:: Brief ::
Find the word "edges" in the records and copy every line where it occurs.
________
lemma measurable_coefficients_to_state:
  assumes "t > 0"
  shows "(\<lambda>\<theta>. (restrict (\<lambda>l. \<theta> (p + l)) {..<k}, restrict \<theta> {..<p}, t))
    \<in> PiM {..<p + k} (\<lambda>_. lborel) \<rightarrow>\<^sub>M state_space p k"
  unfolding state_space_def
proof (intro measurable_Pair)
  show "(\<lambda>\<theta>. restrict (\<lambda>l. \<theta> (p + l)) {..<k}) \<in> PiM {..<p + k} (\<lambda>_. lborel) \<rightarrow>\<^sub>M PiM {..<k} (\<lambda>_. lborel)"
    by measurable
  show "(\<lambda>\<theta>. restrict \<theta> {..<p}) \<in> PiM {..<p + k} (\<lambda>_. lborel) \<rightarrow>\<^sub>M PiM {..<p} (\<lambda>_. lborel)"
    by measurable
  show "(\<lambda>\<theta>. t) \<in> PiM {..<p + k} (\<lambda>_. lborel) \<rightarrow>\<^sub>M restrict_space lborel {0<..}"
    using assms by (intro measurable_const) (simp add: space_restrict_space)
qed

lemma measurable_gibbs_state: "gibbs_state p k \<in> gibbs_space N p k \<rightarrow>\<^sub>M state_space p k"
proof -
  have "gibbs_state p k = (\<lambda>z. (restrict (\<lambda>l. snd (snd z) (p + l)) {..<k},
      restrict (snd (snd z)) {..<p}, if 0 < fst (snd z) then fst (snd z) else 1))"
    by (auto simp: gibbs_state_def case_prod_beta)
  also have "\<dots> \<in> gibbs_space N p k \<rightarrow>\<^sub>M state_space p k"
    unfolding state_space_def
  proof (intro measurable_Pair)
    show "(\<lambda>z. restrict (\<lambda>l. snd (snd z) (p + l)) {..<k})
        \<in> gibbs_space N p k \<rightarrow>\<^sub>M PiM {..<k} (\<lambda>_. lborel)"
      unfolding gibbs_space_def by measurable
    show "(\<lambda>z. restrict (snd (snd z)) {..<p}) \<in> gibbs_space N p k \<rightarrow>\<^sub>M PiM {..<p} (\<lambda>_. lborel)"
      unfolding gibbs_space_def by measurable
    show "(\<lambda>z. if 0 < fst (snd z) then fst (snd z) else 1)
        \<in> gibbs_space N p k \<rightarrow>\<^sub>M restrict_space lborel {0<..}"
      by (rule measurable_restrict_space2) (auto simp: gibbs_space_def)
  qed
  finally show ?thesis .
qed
________
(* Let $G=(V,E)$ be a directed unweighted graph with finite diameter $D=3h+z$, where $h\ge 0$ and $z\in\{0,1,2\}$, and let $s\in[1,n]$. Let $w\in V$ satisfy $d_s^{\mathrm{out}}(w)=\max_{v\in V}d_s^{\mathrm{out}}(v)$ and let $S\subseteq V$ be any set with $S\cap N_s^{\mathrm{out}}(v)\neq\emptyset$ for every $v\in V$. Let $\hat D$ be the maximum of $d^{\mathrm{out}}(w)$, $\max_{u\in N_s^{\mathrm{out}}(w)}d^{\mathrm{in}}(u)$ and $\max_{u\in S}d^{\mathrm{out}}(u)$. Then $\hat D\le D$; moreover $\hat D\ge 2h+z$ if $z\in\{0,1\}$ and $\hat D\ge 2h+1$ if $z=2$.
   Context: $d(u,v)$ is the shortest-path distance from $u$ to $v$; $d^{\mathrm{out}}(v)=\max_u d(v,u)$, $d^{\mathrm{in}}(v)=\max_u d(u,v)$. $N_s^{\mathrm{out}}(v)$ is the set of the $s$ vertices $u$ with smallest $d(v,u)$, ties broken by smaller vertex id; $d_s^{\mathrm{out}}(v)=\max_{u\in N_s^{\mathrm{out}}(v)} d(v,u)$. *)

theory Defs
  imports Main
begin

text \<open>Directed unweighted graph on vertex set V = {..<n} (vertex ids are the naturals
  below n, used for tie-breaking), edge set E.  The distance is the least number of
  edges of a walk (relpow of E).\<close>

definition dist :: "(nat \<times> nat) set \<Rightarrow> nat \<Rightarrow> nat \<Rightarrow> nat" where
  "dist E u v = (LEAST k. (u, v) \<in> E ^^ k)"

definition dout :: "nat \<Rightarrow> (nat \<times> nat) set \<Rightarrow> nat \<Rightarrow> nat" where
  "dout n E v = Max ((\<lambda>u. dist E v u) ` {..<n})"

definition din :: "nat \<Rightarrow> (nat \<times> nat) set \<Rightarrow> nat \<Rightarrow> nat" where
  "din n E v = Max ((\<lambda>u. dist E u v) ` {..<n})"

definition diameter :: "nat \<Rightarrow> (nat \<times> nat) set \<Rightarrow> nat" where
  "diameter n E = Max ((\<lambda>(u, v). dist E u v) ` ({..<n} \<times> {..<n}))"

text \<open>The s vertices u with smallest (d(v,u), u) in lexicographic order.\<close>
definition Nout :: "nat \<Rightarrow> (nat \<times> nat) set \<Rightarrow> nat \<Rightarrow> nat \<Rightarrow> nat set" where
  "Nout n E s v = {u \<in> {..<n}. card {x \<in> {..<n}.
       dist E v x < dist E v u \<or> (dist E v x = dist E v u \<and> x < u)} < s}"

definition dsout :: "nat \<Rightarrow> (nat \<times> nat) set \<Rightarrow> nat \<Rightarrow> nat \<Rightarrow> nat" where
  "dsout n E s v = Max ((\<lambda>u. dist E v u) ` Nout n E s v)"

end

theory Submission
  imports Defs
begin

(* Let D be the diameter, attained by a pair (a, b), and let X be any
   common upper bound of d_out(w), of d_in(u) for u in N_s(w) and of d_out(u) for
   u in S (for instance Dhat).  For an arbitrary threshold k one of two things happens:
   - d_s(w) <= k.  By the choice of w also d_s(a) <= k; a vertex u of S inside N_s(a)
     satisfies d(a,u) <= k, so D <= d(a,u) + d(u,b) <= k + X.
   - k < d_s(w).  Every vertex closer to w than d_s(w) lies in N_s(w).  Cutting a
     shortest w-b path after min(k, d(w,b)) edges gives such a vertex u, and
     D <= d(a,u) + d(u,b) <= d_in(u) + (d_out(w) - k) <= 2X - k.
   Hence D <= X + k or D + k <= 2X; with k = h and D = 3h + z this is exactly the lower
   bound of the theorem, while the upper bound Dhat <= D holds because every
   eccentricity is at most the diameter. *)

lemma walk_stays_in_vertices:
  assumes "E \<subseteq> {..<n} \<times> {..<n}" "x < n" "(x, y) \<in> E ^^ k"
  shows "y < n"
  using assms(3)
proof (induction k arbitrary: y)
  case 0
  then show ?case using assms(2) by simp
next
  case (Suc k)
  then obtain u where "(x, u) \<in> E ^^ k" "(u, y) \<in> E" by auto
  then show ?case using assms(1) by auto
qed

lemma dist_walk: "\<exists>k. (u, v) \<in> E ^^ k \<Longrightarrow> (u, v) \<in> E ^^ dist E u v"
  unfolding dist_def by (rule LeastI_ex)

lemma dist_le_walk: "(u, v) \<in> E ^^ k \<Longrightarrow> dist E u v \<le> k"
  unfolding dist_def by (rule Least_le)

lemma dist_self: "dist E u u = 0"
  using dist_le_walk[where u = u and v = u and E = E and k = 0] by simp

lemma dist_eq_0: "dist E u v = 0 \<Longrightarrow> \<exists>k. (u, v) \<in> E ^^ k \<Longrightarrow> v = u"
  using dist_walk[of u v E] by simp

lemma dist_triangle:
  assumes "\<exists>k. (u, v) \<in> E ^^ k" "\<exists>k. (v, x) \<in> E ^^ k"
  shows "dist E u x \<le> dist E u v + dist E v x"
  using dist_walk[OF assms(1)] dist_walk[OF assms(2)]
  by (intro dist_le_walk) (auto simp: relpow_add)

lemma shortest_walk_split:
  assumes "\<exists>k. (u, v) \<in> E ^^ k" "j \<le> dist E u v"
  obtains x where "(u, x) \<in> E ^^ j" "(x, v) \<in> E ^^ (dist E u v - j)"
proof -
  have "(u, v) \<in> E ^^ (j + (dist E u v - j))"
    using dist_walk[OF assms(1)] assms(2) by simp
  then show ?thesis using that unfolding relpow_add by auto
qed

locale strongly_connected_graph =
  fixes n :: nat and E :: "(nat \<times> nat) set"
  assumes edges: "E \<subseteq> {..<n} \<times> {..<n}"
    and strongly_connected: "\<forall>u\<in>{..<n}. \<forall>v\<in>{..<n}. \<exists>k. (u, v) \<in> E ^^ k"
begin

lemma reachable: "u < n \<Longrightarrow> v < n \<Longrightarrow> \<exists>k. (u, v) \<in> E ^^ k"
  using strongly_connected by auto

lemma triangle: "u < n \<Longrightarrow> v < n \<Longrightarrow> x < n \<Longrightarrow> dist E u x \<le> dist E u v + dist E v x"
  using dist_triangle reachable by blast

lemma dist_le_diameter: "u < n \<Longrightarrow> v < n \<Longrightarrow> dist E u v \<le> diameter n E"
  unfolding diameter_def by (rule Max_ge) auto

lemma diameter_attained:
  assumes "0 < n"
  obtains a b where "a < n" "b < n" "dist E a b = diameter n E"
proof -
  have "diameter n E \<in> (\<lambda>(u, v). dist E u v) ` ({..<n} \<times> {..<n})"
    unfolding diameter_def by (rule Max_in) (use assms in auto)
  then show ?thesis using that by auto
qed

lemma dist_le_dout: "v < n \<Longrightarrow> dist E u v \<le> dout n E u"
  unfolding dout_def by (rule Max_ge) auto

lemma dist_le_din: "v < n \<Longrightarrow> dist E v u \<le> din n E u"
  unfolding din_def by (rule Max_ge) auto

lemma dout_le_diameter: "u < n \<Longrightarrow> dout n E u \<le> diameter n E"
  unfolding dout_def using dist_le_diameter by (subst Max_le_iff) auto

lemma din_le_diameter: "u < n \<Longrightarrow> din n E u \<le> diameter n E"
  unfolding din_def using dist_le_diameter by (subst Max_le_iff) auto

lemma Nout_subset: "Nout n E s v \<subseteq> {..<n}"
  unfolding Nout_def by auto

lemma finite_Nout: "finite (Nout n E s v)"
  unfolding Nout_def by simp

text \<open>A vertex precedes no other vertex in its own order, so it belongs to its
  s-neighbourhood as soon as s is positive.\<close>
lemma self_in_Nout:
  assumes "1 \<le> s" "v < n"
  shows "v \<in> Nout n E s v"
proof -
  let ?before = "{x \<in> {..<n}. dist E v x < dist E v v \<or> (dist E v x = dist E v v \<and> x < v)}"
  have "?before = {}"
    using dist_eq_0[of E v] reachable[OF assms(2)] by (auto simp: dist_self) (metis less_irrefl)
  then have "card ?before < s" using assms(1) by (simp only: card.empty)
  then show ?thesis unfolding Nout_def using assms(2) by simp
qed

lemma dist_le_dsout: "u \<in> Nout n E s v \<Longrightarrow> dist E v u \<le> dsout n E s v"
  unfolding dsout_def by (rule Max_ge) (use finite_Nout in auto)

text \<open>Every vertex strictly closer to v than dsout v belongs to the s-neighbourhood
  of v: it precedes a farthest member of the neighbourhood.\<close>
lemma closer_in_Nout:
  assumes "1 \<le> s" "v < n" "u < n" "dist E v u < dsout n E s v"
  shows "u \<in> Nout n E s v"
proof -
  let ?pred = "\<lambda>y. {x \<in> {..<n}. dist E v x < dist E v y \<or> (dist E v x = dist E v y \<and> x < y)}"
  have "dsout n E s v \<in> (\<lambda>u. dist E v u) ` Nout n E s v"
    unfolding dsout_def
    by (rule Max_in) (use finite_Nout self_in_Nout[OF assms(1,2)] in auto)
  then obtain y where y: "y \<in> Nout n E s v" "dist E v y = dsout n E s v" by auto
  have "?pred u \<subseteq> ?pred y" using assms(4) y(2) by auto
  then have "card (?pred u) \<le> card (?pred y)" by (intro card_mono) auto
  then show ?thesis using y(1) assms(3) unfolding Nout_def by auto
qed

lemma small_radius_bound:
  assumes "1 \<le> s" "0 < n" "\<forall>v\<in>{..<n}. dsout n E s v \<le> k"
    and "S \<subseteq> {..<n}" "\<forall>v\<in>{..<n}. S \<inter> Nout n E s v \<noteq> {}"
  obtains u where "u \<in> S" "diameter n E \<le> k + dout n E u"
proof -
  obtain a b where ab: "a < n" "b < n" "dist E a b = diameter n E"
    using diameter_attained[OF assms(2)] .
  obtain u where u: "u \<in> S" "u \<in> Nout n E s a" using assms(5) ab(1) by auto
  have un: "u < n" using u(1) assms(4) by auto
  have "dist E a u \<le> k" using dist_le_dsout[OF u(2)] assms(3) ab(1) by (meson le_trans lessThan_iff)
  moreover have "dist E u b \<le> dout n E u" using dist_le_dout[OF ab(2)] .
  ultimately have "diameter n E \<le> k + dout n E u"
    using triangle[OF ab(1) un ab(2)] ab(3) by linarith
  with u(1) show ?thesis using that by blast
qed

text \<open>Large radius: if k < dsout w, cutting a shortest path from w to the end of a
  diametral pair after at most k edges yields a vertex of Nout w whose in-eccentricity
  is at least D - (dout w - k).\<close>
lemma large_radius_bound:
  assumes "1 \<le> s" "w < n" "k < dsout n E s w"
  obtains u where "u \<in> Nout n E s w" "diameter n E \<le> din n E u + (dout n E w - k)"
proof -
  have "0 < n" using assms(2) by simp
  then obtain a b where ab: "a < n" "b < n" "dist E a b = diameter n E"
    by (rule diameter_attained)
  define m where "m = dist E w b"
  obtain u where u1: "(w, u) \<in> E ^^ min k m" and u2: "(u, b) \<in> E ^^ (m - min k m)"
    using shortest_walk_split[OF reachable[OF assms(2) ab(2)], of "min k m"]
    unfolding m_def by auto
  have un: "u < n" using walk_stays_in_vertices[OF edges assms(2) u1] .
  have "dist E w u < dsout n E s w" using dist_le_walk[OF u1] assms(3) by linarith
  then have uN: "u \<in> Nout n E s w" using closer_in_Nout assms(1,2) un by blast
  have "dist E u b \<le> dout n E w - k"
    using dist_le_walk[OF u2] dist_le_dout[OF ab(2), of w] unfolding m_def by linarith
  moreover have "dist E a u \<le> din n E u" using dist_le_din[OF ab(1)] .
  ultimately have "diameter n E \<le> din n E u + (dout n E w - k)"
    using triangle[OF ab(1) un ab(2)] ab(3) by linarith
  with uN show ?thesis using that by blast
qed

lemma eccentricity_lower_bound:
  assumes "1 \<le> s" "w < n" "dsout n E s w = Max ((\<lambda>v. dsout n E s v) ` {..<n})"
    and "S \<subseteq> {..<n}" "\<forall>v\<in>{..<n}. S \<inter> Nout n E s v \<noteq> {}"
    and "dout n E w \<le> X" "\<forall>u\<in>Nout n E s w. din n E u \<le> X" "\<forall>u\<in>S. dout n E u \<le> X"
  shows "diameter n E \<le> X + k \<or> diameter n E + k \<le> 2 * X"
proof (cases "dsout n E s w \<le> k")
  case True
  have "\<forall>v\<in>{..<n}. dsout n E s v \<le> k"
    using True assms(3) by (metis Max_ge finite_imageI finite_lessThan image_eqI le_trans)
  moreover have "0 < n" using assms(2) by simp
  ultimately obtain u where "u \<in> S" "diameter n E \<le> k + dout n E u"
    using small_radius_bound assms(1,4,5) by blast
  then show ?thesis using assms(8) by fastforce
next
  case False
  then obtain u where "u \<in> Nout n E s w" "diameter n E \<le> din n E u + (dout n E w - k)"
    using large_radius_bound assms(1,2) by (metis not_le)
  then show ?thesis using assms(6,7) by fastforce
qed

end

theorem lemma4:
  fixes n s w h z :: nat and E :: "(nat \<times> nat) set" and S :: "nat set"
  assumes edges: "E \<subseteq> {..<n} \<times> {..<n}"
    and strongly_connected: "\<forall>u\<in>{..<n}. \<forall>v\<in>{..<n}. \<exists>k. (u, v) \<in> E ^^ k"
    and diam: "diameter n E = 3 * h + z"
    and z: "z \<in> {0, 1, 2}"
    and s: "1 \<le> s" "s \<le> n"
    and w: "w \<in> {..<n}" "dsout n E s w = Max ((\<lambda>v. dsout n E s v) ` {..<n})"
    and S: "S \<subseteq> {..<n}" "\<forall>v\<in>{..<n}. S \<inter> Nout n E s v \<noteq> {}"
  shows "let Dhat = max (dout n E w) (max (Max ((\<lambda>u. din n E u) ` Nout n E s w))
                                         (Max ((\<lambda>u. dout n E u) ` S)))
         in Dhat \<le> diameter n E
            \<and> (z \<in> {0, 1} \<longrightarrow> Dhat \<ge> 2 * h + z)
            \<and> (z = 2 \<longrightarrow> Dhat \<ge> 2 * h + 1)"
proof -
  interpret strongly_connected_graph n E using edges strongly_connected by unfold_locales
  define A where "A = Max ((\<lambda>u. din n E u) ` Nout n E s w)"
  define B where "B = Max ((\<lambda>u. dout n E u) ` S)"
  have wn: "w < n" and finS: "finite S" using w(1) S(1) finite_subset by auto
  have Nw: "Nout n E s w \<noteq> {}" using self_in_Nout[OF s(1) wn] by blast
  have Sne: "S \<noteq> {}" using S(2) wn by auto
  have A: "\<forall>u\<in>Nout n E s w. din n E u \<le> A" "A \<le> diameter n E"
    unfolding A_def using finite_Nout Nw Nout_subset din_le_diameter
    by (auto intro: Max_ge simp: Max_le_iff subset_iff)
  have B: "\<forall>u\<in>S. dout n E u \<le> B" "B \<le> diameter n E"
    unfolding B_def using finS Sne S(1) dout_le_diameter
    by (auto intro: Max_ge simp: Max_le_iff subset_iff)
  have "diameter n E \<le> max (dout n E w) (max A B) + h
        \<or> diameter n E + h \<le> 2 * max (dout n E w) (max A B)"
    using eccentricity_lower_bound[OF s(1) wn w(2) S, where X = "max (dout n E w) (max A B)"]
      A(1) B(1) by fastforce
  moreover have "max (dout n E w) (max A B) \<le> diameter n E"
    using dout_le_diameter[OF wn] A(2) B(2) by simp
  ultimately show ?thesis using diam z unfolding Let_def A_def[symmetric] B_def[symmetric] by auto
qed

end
________
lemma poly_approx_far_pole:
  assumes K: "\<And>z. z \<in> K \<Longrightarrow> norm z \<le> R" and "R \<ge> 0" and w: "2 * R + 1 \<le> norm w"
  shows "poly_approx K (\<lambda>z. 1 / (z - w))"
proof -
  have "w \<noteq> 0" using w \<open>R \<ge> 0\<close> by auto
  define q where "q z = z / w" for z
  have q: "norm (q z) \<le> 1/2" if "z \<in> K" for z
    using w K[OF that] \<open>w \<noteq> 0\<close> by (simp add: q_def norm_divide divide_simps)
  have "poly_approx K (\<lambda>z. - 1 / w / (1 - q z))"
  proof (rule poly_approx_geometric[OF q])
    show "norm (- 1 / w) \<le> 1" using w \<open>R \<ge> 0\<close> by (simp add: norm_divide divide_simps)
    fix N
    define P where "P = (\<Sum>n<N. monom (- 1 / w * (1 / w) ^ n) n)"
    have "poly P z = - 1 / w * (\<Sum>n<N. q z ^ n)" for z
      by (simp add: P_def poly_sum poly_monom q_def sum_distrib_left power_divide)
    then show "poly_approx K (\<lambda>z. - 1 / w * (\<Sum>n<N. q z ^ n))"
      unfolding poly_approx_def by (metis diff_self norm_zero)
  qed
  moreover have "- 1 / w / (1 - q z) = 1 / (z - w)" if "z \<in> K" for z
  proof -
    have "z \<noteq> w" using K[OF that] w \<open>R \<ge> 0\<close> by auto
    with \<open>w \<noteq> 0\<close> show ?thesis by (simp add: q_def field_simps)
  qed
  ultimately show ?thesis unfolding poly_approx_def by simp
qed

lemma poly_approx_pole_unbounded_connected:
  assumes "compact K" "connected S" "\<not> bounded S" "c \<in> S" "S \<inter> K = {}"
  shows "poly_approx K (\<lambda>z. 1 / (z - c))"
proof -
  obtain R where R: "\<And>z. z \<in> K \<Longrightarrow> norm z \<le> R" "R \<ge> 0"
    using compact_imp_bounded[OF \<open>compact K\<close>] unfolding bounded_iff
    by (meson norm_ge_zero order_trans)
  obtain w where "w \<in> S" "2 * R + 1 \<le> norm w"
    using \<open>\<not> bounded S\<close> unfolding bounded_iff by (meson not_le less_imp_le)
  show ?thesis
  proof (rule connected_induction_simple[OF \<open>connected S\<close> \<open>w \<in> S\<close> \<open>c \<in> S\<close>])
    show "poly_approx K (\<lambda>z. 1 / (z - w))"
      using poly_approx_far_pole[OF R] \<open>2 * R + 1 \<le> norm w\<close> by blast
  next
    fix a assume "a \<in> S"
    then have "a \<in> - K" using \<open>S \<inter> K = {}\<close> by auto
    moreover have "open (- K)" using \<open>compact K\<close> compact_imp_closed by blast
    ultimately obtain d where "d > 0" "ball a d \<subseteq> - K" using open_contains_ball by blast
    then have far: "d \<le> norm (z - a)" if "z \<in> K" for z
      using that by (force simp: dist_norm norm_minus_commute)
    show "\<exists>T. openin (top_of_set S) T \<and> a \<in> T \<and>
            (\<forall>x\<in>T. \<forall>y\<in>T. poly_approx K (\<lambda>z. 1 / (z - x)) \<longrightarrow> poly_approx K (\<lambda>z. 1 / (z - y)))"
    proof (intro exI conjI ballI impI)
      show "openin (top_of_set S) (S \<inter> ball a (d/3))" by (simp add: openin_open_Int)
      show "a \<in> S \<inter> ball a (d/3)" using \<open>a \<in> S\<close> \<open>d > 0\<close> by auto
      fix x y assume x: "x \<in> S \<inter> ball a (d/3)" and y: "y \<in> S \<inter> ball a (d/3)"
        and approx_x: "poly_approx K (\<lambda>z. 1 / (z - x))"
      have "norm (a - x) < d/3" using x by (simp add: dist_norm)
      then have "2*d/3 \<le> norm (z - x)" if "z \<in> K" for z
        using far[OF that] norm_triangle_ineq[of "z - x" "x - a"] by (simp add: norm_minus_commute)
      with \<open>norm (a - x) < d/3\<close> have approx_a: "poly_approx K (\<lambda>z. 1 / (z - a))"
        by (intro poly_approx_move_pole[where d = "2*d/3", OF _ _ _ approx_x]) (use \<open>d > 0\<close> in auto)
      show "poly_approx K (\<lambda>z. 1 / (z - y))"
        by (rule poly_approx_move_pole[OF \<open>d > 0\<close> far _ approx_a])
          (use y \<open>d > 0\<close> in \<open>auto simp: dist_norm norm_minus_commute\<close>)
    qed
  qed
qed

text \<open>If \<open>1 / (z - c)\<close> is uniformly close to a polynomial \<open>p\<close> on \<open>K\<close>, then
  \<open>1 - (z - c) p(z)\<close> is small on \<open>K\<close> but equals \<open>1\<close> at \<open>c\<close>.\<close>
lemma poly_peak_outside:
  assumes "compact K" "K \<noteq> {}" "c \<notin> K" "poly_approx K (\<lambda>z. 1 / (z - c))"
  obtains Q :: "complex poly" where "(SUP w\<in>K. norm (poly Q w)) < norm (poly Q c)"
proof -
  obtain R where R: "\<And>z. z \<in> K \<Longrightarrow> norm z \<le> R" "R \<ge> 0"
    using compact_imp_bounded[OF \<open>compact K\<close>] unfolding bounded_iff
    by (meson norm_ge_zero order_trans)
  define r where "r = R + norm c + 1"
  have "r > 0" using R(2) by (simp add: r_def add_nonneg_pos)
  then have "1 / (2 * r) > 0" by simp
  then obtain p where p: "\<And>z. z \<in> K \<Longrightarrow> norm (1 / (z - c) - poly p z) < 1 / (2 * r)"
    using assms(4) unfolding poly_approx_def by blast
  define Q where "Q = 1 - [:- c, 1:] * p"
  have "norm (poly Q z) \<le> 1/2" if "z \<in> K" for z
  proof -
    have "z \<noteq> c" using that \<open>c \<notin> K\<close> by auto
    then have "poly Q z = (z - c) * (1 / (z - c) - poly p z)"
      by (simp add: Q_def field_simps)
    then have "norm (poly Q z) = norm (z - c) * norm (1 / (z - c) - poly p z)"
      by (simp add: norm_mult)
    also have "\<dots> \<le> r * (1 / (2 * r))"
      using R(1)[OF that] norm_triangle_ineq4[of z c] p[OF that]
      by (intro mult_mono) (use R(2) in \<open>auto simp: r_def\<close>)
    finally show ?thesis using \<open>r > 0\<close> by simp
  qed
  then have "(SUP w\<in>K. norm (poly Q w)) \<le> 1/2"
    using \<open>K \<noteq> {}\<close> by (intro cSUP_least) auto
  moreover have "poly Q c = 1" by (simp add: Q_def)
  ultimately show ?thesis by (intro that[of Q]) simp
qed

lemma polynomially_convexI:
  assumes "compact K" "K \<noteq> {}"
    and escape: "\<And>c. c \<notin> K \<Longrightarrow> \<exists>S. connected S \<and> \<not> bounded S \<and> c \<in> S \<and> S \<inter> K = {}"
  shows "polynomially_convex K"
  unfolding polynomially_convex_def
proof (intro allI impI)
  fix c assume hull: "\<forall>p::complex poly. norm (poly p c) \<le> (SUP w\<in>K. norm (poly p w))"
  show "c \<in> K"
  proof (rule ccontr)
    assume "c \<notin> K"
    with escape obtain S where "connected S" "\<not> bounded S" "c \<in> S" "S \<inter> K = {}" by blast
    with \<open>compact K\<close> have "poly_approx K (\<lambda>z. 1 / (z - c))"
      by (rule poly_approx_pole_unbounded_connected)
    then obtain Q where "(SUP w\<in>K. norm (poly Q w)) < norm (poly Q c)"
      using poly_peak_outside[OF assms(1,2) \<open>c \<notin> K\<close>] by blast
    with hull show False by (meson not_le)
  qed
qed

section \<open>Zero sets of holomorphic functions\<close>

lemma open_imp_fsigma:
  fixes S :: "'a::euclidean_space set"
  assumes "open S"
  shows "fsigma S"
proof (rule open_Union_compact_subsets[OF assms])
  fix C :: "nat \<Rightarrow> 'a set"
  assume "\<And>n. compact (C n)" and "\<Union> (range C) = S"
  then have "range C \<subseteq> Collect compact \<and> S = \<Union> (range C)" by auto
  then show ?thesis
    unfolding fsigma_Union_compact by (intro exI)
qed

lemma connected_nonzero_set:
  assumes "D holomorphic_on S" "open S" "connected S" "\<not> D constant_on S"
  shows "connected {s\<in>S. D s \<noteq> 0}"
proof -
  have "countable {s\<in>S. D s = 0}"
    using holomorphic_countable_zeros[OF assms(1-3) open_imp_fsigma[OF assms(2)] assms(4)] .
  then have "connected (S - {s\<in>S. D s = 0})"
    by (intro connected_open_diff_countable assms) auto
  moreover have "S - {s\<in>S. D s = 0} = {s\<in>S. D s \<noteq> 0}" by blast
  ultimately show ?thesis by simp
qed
________
:: Worked solution ::
  edges of a walk (relpow of E).\<close>
     shortest w-b path after min(k, d(w,b)) edges gives such a vertex u, and
  assumes edges: "E \<subseteq> {..<n} \<times> {..<n}"
  diametral pair after at most k edges yields a vertex of Nout w whose in-eccentricity
  have un: "u < n" using walk_stays_in_vertices[OF edges assms(2) u1] .
  assumes edges: "E \<subseteq> {..<n} \<times> {..<n}"
  interpret strongly_connected_graph n E using edges strongly_connected by unfold_locales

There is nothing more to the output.